◆ What to produce
Every line below that contains the word "else" must be copied.

Start of Input data

(* Let $q$ be an odd positive integer, $p>q$ a prime, and $a\in(\mathbb{Z}/pq\mathbb{Z})^*$ with $a^{(p-1)/2}\equiv-1\pmod{pq}$ and such that $\alpha:=a\bmod p$ generates $\mathbb{F}_p^*$. Let $\beta:=a\bmod q\in(\mathbb{Z}/q\mathbb{Z})^*$ and $n=\mathrm{ord}(\beta)$ (so $n\mid p-1$). Let $\psi:\langle\beta\rangle\to\mu_n$, $\beta^j\mapsto e^{2\pi \mathbf{i} j/n}$, and let $\chi$ be the character of $\mathbb{F}_p^*$ given by $\chi(\alpha^j)=e^{2\pi\mathbf{i} j/n}$. Let $B=\{b\in\langle\beta\rangle : b-1\in\langle\beta\rangle\}$ and, for $1\le i,j\le n-1$, $c_{i,j}=\sum_{b\in B}\psi(b)^{-i}\psi(1-b)^{-j}$. Then, with $S=S_{pq}(a)$, $$|S\cap(S+1)|=\frac{1}{n^2}\Big((p+1)|B|+\sum_{1\le i\le j<n-i}2(2-\delta_{i,j})\,\mathrm{Re}\big(c_{i,j}J(\chi^i,\chi^j)\big)\Big),$$ where $\delta_{i,j}$ is the Kronecker delta.
   Context: $S_{pq}(a)=\{a^j:0\le j<p-1\}\subseteq\mathbb{Z}/pq\mathbb{Z}$, $S+1=\{s+1:s\in S\}$, $\mu_n$ is the group of complex $n$-th roots of unity. A character mod $p$ is a homomorphism $\chi:\mathbb{F}_p^*\to\mathbb{C}^*$; it is extended to $\mathbb{F}_p$ by $\chi(0)=0$ if $\chi$ is nontrivial and $\chi(0)=1$ if $\chi$ is trivial. For characters $\chi,\lambda$ mod $p$ the Jacobi sum is $J(\chi,\lambda)=\sum_{c,d\in\mathbb{F}_p,\,c+d=1}\chi(c)\lambda(d)$. $\mathbf{i}=\sqrt{-1}$. *)

theory Defs
  imports "HOL-Analysis.Analysis" "HOL-Number_Theory.Number_Theory"
begin

(* Residues mod m are represented by naturals in {0..<m}. *)

definition S_set :: "nat \<Rightarrow> nat \<Rightarrow> nat \<Rightarrow> nat set" where
  "S_set N p a = {a ^ j mod N | j. j < p - 1}"

definition shift1 :: "nat \<Rightarrow> nat set \<Rightarrow> nat set" where
  "shift1 N S = {(s + 1) mod N | s. s \<in> S}"

definition cyc :: "nat \<Rightarrow> nat \<Rightarrow> nat set" where
  "cyc q a = {a ^ k mod q | k. True}"

definition dlog :: "nat \<Rightarrow> nat \<Rightarrow> nat \<Rightarrow> nat" where
  "dlog m a x = (LEAST k. [a ^ k = x] (mod m))"

definition psi :: "nat \<Rightarrow> nat \<Rightarrow> nat \<Rightarrow> nat \<Rightarrow> complex" where
  "psi q a n b = exp (2 * of_real pi * \<i> * of_nat (dlog q a b) / of_nat n)"

definition Bset :: "nat \<Rightarrow> nat \<Rightarrow> nat set" where
  "Bset q a = {b \<in> cyc q a. (b + q - 1) mod q \<in> cyc q a}"

definition c_coef :: "nat \<Rightarrow> nat \<Rightarrow> nat \<Rightarrow> nat \<Rightarrow> nat \<Rightarrow> complex" where
  "c_coef q a n i j =
     (\<Sum>b\<in>Bset q a. inverse (psi q a n b) ^ i * inverse (psi q a n ((q + 1 - b) mod q)) ^ j)"

definition chi :: "nat \<Rightarrow> nat \<Rightarrow> nat \<Rightarrow> nat \<Rightarrow> complex" where
  "chi p a n x = exp (2 * of_real pi * \<i> * of_nat (dlog p a x) / of_nat n)"

definition char_ext :: "nat \<Rightarrow> (nat \<Rightarrow> complex) \<Rightarrow> nat \<Rightarrow> complex" where
  "char_ext p f x =
     (if x mod p = 0 then (if (\<forall>y\<in>{1..<p}. f y = 1) then 1 else 0) else f (x mod p))"

definition chi_pow :: "nat \<Rightarrow> nat \<Rightarrow> nat \<Rightarrow> nat \<Rightarrow> nat \<Rightarrow> complex" where
  "chi_pow p a n i = char_ext p (\<lambda>x. chi p a n x ^ i)"

definition jacobi :: "nat \<Rightarrow> (nat \<Rightarrow> complex) \<Rightarrow> (nat \<Rightarrow> complex) \<Rightarrow> complex" where
  "jacobi p f g = (\<Sum>c\<in>{0..<p}. f c * g ((p + 1 - c) mod p))"

end

theory Submission
  imports Defs
begin

text \<open>Reducing modulo \<open>p\<close>, the elements \<open>s \<in> S\<close> with \<open>s - 1 \<in> S\<close> correspond to the
  \<open>x \<in> \<FF>\<^sub>p - {0, 1}\<close> (\<open>x = s mod p\<close>), and because \<open>a\<^bsup>(p - 1)/2\<^esup> \<equiv> -1 (mod pq)\<close>
  the condition modulo \<open>q\<close> becomes \<open>\<beta>\<^bsup>log x\<^esup> + \<beta>\<^bsup>log (1 - x)\<^esup> = 1\<close>, i.e.
  \<open>(\<beta>\<^bsup>log x\<^esup>, \<beta>\<^bsup>log (1 - x)\<^esup>) = (b, 1 - b)\<close> for some \<open>b \<in> B\<close>. Detecting both equalities
  with the orthogonality relations of the characters of a cyclic group of order \<open>n\<close> gives
  \<open>n\<^sup>2 |S \<inter> (S + 1)| = \<Sum>\<^sub>i\<^sub>,\<^sub>j\<^sub><\<^sub>n c\<^sub>i\<^sub>,\<^sub>j J'(\<chi>\<^sup>i, \<chi>\<^sup>j)\<close>, where \<open>J'\<close> is the Jacobi sum
  without the terms \<open>c = 0, 1\<close>; it equals \<open>J\<close> for nontrivial characters. The row \<open>i = 0\<close>, the
  column \<open>j = 0\<close> and the antidiagonal \<open>i + j \<equiv> 0\<close> each contribute \<open>|B|(p - 1)\<close>, since they
  count the \<open>x\<close> for which \<open>1 - x\<close>, \<open>x\<close>, resp. \<open>x / (1 - x)\<close> has a prescribed index
  modulo \<open>n\<close>; the corner \<open>|B|(p - 2)\<close> is thereby counted three times. The remaining terms are
  permuted by \<open>(i, j) \<mapsto> (j, i)\<close> and conjugated by \<open>(i, j) \<mapsto> (n - i, n - j)\<close>, which folds
  them onto the real parts over the triangle \<open>1 \<le> i \<le> j < n - i\<close>.\<close>

section \<open>Sums of roots of unity and reindexing\<close>

lemma sum_powers_root_of_unity:
  fixes z :: complex
  assumes "z ^ n = 1"
  shows "(\<Sum>i<n. z ^ i) = (if z = 1 then of_nat n else 0)"
  using assms by (simp add: sum_gp_strict)

lemma root_of_unity_pow_diff:
  fixes z :: complex
  assumes "z ^ n = 1" "k \<le> n"
  shows "z ^ (n - k) = cnj (z ^ k)"
proof (cases "n = 0")
  case False
  have "norm z ^ n = 1" using assms(1) by (metis norm_one norm_power)
  hence "norm z = 1" using False by (metis norm_ge_zero one_power2 power_eq_imp_eq_base zero_le_one bot_nat_0.not_eq_extremum power_one)
  hence "z * cnj z = 1" by (metis complex_norm_square of_real_1 power_one)
  hence "cnj (z ^ k) * z ^ k = 1" by (simp add: power_mult_distrib[symmetric] mult.commute)
  moreover have "z ^ (n - k) * z ^ k = 1" using assms by (simp add: power_add[symmetric])
  ultimately show ?thesis by (metis mult_cancel_right zero_neq_one mult_zero_left)
qed (use assms in simp)

lemma root_of_unity_pow_mod_diff:
  fixes z :: "'a :: field"
  assumes "z ^ n = 1" "i < n"
  shows "z ^ ((n - i) mod n) = inverse (z ^ i)"
proof (cases "i = 0")
  case False
  have "z ^ i * z ^ (n - i) = 1" using assms by (simp add: power_add[symmetric])
  hence "inverse (z ^ i) = z ^ (n - i)" by (rule inverse_unique)
  thus ?thesis using False assms(2) by simp
qed simp

lemma card_residue_class:
  fixes n m e :: nat
  assumes "n > 0" "n dvd m"
  shows "card {k. k < m \<and> [k = e] (mod n)} = m div n"
proof -
  have "{k. k < m \<and> [k = e] (mod n)} = (\<lambda>t. e mod n + n * t) ` {..< m div n}"
  proof (intro equalityI subsetI)
    fix k assume k: "k \<in> {k. k < m \<and> [k = e] (mod n)}"
    hence "k = e mod n + n * (k div n)" by (metis cong_def div_mult_mod_eq add.commute mult.commute mem_Collect_eq)
    moreover have "k div n < m div n" using k assms
      by (metis div_less_iff_less_mult dvd_div_mult_self mem_Collect_eq)
    ultimately show "k \<in> (\<lambda>t. e mod n + n * t) ` {..< m div n}" by blast
  next
    fix k assume "k \<in> (\<lambda>t. e mod n + n * t) ` {..< m div n}"
    then obtain t where t: "t < m div n" "k = e mod n + n * t" by auto
    have "k < n * (t + 1)" using t assms by simp
    also have "\<dots> \<le> m" using t assms by (metis Suc_eq_plus1 Suc_leI dvd_mult_div_cancel mult_le_mono2)
    finally show "k \<in> {k. k < m \<and> [k = e] (mod n)}" using t by (simp add: cong_def)
  qed
  moreover have "inj_on (\<lambda>t. e mod n + n * t) {..< m div n}" using assms by (intro inj_onI) simp
  ultimately show ?thesis by (simp add: card_image)
qed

End of Input data

◆ Exercise answer
     (if x mod p = 0 then (if (\<forall>y\<in>{1..<p}. f y = 1) then 1 else 0) else f (x mod p))"
  shows "(\<Sum>i<n. z ^ i) = (if z = 1 then of_nat n else 0)"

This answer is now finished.